**ACTIVITY**. Starting at the top of the data and ending with the line that holds "E \<longleftrightarrow> W", transcribe each line exactly; include both ends.

**RAW DATA**.
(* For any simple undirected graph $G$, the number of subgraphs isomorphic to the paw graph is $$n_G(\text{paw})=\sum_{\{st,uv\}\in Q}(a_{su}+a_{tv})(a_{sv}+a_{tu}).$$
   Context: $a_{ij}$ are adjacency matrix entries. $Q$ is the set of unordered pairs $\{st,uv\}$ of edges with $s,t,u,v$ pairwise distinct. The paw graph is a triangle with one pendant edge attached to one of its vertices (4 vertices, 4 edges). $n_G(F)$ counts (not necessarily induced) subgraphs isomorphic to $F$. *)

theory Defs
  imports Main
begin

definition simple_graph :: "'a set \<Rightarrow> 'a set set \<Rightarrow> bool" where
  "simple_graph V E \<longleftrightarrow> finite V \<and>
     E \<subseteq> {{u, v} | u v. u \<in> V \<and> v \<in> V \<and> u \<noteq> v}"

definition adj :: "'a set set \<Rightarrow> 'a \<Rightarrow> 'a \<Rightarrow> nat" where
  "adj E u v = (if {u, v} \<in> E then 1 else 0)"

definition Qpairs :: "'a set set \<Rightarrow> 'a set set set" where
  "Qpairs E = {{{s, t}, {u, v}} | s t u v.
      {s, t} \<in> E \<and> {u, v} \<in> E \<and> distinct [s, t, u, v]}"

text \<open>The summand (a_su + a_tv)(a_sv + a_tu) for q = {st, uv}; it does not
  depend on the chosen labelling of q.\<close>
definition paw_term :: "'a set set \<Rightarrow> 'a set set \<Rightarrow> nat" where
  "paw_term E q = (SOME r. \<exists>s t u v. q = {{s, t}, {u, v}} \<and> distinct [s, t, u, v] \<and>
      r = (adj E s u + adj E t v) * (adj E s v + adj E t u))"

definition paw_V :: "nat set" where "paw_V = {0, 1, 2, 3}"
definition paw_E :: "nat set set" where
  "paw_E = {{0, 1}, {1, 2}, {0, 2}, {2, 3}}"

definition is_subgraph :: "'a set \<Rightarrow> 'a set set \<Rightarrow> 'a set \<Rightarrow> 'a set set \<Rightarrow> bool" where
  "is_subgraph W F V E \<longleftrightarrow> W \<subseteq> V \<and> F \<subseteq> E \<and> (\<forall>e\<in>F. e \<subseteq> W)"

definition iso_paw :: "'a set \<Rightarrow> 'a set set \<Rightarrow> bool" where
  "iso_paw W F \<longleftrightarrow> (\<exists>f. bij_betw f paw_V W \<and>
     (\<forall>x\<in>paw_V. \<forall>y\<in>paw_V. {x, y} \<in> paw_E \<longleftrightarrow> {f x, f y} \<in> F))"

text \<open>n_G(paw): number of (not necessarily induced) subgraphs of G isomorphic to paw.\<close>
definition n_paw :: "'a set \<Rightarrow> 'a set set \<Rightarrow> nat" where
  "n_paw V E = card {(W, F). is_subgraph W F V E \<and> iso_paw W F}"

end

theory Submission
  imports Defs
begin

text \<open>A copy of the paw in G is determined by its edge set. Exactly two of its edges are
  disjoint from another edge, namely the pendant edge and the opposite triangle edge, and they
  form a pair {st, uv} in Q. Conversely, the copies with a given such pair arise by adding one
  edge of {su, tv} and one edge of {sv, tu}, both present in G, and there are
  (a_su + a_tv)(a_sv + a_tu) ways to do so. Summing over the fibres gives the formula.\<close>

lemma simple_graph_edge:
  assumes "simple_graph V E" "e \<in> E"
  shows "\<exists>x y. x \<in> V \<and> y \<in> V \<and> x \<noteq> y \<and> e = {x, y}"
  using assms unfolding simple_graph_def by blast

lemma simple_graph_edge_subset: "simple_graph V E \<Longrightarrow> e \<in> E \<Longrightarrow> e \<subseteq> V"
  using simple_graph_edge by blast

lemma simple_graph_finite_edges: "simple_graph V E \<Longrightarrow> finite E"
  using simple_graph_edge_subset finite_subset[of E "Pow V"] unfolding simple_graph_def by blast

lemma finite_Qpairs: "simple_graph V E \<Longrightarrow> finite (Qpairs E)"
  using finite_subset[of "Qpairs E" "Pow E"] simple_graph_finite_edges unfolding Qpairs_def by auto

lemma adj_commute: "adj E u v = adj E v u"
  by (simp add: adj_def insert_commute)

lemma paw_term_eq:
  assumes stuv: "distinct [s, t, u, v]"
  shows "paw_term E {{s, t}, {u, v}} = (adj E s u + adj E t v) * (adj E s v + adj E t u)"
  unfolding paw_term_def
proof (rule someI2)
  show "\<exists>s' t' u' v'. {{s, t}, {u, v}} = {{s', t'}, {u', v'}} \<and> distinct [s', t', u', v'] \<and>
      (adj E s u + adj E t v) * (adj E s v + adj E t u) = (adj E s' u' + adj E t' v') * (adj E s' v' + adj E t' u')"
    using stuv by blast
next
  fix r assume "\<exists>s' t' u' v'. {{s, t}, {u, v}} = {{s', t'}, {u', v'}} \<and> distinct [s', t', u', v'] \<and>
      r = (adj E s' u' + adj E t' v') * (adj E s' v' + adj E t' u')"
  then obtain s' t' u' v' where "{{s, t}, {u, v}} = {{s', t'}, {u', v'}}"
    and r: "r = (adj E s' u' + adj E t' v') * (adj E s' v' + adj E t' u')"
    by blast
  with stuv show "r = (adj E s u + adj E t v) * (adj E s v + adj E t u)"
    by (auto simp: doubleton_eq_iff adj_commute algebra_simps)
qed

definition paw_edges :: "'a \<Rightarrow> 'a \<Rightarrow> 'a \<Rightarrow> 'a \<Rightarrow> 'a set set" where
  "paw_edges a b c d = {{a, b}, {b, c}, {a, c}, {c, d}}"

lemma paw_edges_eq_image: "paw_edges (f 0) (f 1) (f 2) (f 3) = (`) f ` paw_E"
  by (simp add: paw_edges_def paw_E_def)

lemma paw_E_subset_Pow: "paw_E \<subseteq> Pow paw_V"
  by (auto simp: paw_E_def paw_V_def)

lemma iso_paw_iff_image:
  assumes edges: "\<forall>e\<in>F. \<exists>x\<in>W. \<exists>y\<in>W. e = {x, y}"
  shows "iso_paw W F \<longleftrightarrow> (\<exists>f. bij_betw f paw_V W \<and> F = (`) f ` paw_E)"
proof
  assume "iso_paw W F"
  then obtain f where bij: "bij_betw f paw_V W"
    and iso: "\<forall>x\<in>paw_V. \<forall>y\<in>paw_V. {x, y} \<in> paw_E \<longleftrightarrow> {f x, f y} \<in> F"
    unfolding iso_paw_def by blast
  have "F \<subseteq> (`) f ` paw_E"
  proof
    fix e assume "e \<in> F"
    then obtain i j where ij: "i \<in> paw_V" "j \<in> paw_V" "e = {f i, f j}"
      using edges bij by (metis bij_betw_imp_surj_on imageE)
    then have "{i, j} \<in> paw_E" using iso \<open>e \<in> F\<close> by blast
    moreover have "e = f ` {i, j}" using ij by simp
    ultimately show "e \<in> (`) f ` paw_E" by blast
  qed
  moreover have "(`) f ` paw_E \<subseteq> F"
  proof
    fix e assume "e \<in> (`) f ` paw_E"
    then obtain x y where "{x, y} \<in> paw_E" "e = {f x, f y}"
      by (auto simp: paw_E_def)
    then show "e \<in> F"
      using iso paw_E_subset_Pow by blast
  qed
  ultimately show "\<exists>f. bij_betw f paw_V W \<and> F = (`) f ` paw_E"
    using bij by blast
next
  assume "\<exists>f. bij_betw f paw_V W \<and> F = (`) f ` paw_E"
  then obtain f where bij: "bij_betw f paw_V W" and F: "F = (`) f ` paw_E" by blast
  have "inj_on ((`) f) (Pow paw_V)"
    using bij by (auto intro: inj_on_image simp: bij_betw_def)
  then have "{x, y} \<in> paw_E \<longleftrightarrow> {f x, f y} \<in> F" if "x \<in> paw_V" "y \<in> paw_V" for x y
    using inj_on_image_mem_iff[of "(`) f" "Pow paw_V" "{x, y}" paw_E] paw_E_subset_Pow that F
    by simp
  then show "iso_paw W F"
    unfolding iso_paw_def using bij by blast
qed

**EXPECTED OUTPUT**.
(* For any simple undirected graph $G$, the number of subgraphs isomorphic to the paw graph is $$n_G(\text{paw})=\sum_{\{st,uv\}\in Q}(a_{su}+a_{tv})(a_{sv}+a_{tu}).$$
   Context: $a_{ij}$ are adjacency matrix entries. $Q$ is the set of unordered pairs $\{st,uv\}$ of edges with $s,t,u,v$ pairwise distinct. The paw graph is a triangle with one pendant edge attached to one of its vertices (4 vertices, 4 edges). $n_G(F)$ counts (not necessarily induced) subgraphs isomorphic to $F$. *)

theory Defs
  imports Main
begin

definition simple_graph :: "'a set \<Rightarrow> 'a set set \<Rightarrow> bool" where
  "simple_graph V E \<longleftrightarrow> finite V \<and>
     E \<subseteq> {{u, v} | u v. u \<in> V \<and> v \<in> V \<and> u \<noteq> v}"

definition adj :: "'a set set \<Rightarrow> 'a \<Rightarrow> 'a \<Rightarrow> nat" where
  "adj E u v = (if {u, v} \<in> E then 1 else 0)"

definition Qpairs :: "'a set set \<Rightarrow> 'a set set set" where
  "Qpairs E = {{{s, t}, {u, v}} | s t u v.
      {s, t} \<in> E \<and> {u, v} \<in> E \<and> distinct [s, t, u, v]}"

text \<open>The summand (a_su + a_tv)(a_sv + a_tu) for q = {st, uv}; it does not
  depend on the chosen labelling of q.\<close>
definition paw_term :: "'a set set \<Rightarrow> 'a set set \<Rightarrow> nat" where
  "paw_term E q = (SOME r. \<exists>s t u v. q = {{s, t}, {u, v}} \<and> distinct [s, t, u, v] \<and>
      r = (adj E s u + adj E t v) * (adj E s v + adj E t u))"

definition paw_V :: "nat set" where "paw_V = {0, 1, 2, 3}"
definition paw_E :: "nat set set" where
  "paw_E = {{0, 1}, {1, 2}, {0, 2}, {2, 3}}"

definition is_subgraph :: "'a set \<Rightarrow> 'a set set \<Rightarrow> 'a set \<Rightarrow> 'a set set \<Rightarrow> bool" where
  "is_subgraph W F V E \<longleftrightarrow> W \<subseteq> V \<and> F \<subseteq> E \<and> (\<forall>e\<in>F. e \<subseteq> W)"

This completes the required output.